Return exactly the line that contains "g = madd C f" and all lines beneath it in the entries, through the very last one.
### Data for review
definition slm_cat :: "('o,'m,'k::comm_ring_1) slmcat \<Rightarrow> bool" where
  "slm_cat C \<longleftrightarrow>
    \<comment> \<open>hom-sets are disjoint\<close>
    (\<forall>A B A' B' f. f \<in> hom C A B \<longrightarrow> f \<in> hom C A' B' \<longrightarrow> A = A' \<and> B = B') \<and>
    \<comment> \<open>category\<close>
    (\<forall>A. ident C A \<in> hom C A A) \<and>
    (\<forall>A B D f g. f \<in> hom C A B \<longrightarrow> g \<in> hom C B D \<longrightarrow> comp C g f \<in> hom C A D) \<and>
    (\<forall>A B D E f g h. f \<in> hom C A B \<longrightarrow> g \<in> hom C B D \<longrightarrow> h \<in> hom C D E \<longrightarrow>
        comp C (comp C h g) f = comp C h (comp C g f)) \<and>
    (\<forall>A B f. f \<in> hom C A B \<longrightarrow> comp C (ident C B) f = f \<and> comp C f (ident C A) = f) \<and>
    \<comment> \<open>each hom-set is a module over 'k\<close>
    (\<forall>A B. mzero C A B \<in> hom C A B) \<and>
    (\<forall>A B f g. f \<in> hom C A B \<longrightarrow> g \<in> hom C A B \<longrightarrow> madd C f g \<in> hom C A B) \<and>
    (\<forall>A B a f. f \<in> hom C A B \<longrightarrow> smul C a f \<in> hom C A B) \<and>
    (\<forall>A B f g h. f \<in> hom C A B \<longrightarrow> g \<in> hom C A B \<longrightarrow> h \<in> hom C A B \<longrightarrow>
        madd C (madd C f g) h = madd C f (madd C g h)) \<and>
    (\<forall>A B f g. f \<in> hom C A B \<longrightarrow> g \<in> hom C A B \<longrightarrow> madd C f g = madd C g f) \<and>
    (\<forall>A B f. f \<in> hom C A B \<longrightarrow> madd C f (mzero C A B) = f) \<and>
    (\<forall>A B f. f \<in> hom C A B \<longrightarrow> madd C f (smul C (-1) f) = mzero C A B) \<and>
    (\<forall>A B f g a. f \<in> hom C A B \<longrightarrow> g \<in> hom C A B \<longrightarrow>
        smul C a (madd C f g) = madd C (smul C a f) (smul C a g)) \<and>
    (\<forall>A B f a b. f \<in> hom C A B \<longrightarrow> smul C (a + b) f = madd C (smul C a f) (smul C b f)) \<and>
    (\<forall>A B f a b. f \<in> hom C A B \<longrightarrow> smul C (a * b) f = smul C a (smul C b f)) \<and>
    (\<forall>A B f. f \<in> hom C A B \<longrightarrow> smul C 1 f = f) \<and>
    \<comment> \<open>composition is bilinear\<close>
    (\<forall>A B D f g g'. f \<in> hom C A B \<longrightarrow> g \<in> hom C B D \<longrightarrow> g' \<in> hom C B D \<longrightarrow>
        comp C (madd C g g') f = madd C (comp C g f) (comp C g' f)) \<and>
    (\<forall>A B D f f' g. f \<in> hom C A B \<longrightarrow> f' \<in> hom C A B \<longrightarrow> g \<in> hom C B D \<longrightarrow>
        comp C g (madd C f f') = madd C (comp C g f) (comp C g f')) \<and>
    (\<forall>A B D f g a. f \<in> hom C A B \<longrightarrow> g \<in> hom C B D \<longrightarrow>
        comp C (smul C a g) f = smul C a (comp C g f) \<and> comp C g (smul C a f) = smul C a (comp C g f)) \<and>
    \<comment> \<open>strict monoidal structure on objects\<close>
    (\<forall>A B D. otens C (otens C A B) D = otens C A (otens C B D)) \<and>
    (\<forall>A. otens C (ounit C) A = A \<and> otens C A (ounit C) = A) \<and>
    \<comment> \<open>tensor product of morphisms\<close>
    (\<forall>A B A' B' f g. f \<in> hom C A B \<longrightarrow> g \<in> hom C A' B' \<longrightarrow>
        tens C f g \<in> hom C (otens C A A') (otens C B B')) \<and>
    (\<forall>A B A' B' A'' B'' f g h. f \<in> hom C A B \<longrightarrow> g \<in> hom C A' B' \<longrightarrow> h \<in> hom C A'' B'' \<longrightarrow>
        tens C (tens C f g) h = tens C f (tens C g h)) \<and>
    (\<forall>A B f. f \<in> hom C A B \<longrightarrow>
        tens C (ident C (ounit C)) f = f \<and> tens C f (ident C (ounit C)) = f) \<and>
    (\<forall>A B. tens C (ident C A) (ident C B) = ident C (otens C A B)) \<and>
    (\<forall>A B D A' B' D' f g f' g'. f \<in> hom C A B \<longrightarrow> g \<in> hom C B D \<longrightarrow>
        f' \<in> hom C A' B' \<longrightarrow> g' \<in> hom C B' D' \<longrightarrow>
        tens C (comp C g f) (comp C g' f') = comp C (tens C g g') (tens C f f')) \<and>
    \<comment> \<open>tensor product is bilinear\<close>
    (\<forall>A B A' B' f f' g. f \<in> hom C A B \<longrightarrow> f' \<in> hom C A B \<longrightarrow> g \<in> hom C A' B' \<longrightarrow>
        tens C (madd C f f') g = madd C (tens C f g) (tens C f' g) \<and>
        tens C g (madd C f f') = madd C (tens C g f) (tens C g f')) \<and>
    (\<forall>A B A' B' f g a. f \<in> hom C A B \<longrightarrow> g \<in> hom C A' B' \<longrightarrow>
        tens C (smul C a f) g = smul C a (tens C f g) \<and> tens C f (smul C a g) = smul C a (tens C f g))"

definition msub :: "('o,'m,'k::comm_ring_1) slmcat \<Rightarrow> 'm \<Rightarrow> 'm \<Rightarrow> 'm" where
  "msub C f g = madd C f (smul C (-1) g)"

primrec mpow :: "('o,'m,'k) slmcat \<Rightarrow> 'o \<Rightarrow> 'm \<Rightarrow> nat \<Rightarrow> 'm" where
  "mpow C A f 0 = ident C A"
| "mpow C A f (Suc n) = comp C f (mpow C A f n)"

primrec msum :: "('o,'m,'k) slmcat \<Rightarrow> 'o \<Rightarrow> 'o \<Rightarrow> (nat \<Rightarrow> 'm) \<Rightarrow> nat \<Rightarrow> 'm" where
  "msum C A B g 0 = mzero C A B"
| "msum C A B g (Suc n) = madd C (msum C A B g n) (g n)"

definition heis_t :: "('o,'m,'k) slmcat \<Rightarrow> 'o \<Rightarrow> 'o \<Rightarrow> 'm \<Rightarrow> 'm \<Rightarrow> 'm \<Rightarrow> 'm" where
  "heis_t C up dn s c d =
     comp C (tens C (ident C dn) (tens C (ident C up) d))
       (comp C (tens C (ident C dn) (tens C s (ident C dn)))
          (tens C c (tens C (ident C up) (ident C dn))))"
######
_Exercise solution_
  "msub C f g = madd C f (smul C (-1) g)"

primrec mpow :: "('o,'m,'k) slmcat \<Rightarrow> 'o \<Rightarrow> 'm \<Rightarrow> nat \<Rightarrow> 'm" where
  "mpow C A f 0 = ident C A"
| "mpow C A f (Suc n) = comp C f (mpow C A f n)"

primrec msum :: "('o,'m,'k) slmcat \<Rightarrow> 'o \<Rightarrow> 'o \<Rightarrow> (nat \<Rightarrow> 'm) \<Rightarrow> nat \<Rightarrow> 'm" where
  "msum C A B g 0 = mzero C A B"
| "msum C A B g (Suc n) = madd C (msum C A B g n) (g n)"

definition heis_t :: "('o,'m,'k) slmcat \<Rightarrow> 'o \<Rightarrow> 'o \<Rightarrow> 'm \<Rightarrow> 'm \<Rightarrow> 'm \<Rightarrow> 'm" where
  "heis_t C up dn s c d =
     comp C (tens C (ident C dn) (tens C (ident C up) d))
       (comp C (tens C (ident C dn) (tens C s (ident C dn)))
          (tens C c (tens C (ident C up) (ident C dn))))"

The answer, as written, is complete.